▸ Exercise:
Using the records below, report how many lines include "questions", and give no more than the number.

▸ Saved data entries:
^^^^

(* Let $m\ge1$, let $\mathcal{X},\mathcal{A}_1,\dots,\mathcal{A}_m$ be finite sets with $|\mathcal{X}|=d\ge2$, and let $P$ be a probability distribution on $\mathcal{X}\times\mathcal{A}_1\times\cdots\times\mathcal{A}_m$ such that $\omega_{\mathrm{c}}<\omega_{\mathrm{ns}}$. Then there is a no-signalling correlation $Q$ which is a vertex of the no-signalling polytope, which attains $\omega_{\mathrm{ns}}$, and for which there exist $x\in\mathcal{X}$ and $a_1\in\mathcal{A}_1,\dots,a_m\in\mathcal{A}_m$ with $Q(x,\dots,x|a_1,\dots,a_m)>1/d$.
   Context: $\delta$ is the indicator function. An $m$-partite no-signalling correlation is a conditional distribution $Q(x_1,\dots,x_m|a_1,\dots,a_m)$ on $\mathcal{X}^m$ given $(a_1,\dots,a_m)\in\mathcal{A}_1\times\cdots\times\mathcal{A}_m$ such that for every index set $I\subset\{1,\dots,m\}$ with complement $J$, $\sum_{x_J}Q(x_I,x_J|a_I,a_J)$ does not depend on $a_J$; the set of all such $Q$ is a convex polytope (the no-signalling polytope). $\omega_{\mathrm{ns}}=\max_Q\sum_{x,a_1,\dots,a_m}P(x,a_1,\dots,a_m)Q(x,\dots,x|a_1,\dots,a_m)$ over no-signalling $Q$, and $\omega_{\mathrm{c}}=\max_{f_1,\dots,f_m}\sum P(x,a_1,\dots,a_m)\delta[f_1(a_1)=\cdots=f_m(a_m)=x]$ over functions $f_i\colon\mathcal{A}_i\to\mathcal{X}$. *)

theory Defs
  imports "HOL-Analysis.Analysis"
begin

text \<open>A correlation is Q : (nat => 'x) => (nat => 'a) => real,
 Q xs a = Q(xs|a).\<close>

definition questions :: "nat \<Rightarrow> (nat \<Rightarrow> 'a set) \<Rightarrow> (nat \<Rightarrow> 'a) set" where
  "questions m A = PiE {0..<m} A"

definition answers :: "nat \<Rightarrow> 'x set \<Rightarrow> (nat \<Rightarrow> 'x) set" where
  "answers m X = PiE {0..<m} (\<lambda>_. X)"

definition diag :: "nat \<Rightarrow> 'x \<Rightarrow> (nat \<Rightarrow> 'x)" where
  "diag m x = (\<lambda>i\<in>{0..<m}. x)"

definition no_signalling ::
  "nat \<Rightarrow> 'x set \<Rightarrow> (nat \<Rightarrow> 'a set) \<Rightarrow> ((nat \<Rightarrow> 'x) \<Rightarrow> (nat \<Rightarrow> 'a) \<Rightarrow> real) set" where
  "no_signalling m X A = {Q.
     (\<forall>xs a. (xs \<notin> answers m X \<or> a \<notin> questions m A) \<longrightarrow> Q xs a = 0) \<and>
     (\<forall>a\<in>questions m A. (\<forall>xs\<in>answers m X. Q xs a \<ge> 0) \<and> (\<Sum>xs\<in>answers m X. Q xs a) = 1) \<and>
     (\<forall>I. I \<subseteq> {0..<m} \<longrightarrow>
        (\<forall>a\<in>questions m A. \<forall>a'\<in>questions m A. (\<forall>i\<in>I. a i = a' i) \<longrightarrow>
          (\<forall>xs\<in>answers m X.
             (\<Sum>ys\<in>{ys\<in>answers m X. \<forall>i\<in>I. ys i = xs i}. Q ys a)
           = (\<Sum>ys\<in>{ys\<in>answers m X. \<forall>i\<in>I. ys i = xs i}. Q ys a'))))}"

^^^^

▸ Expected answer:
5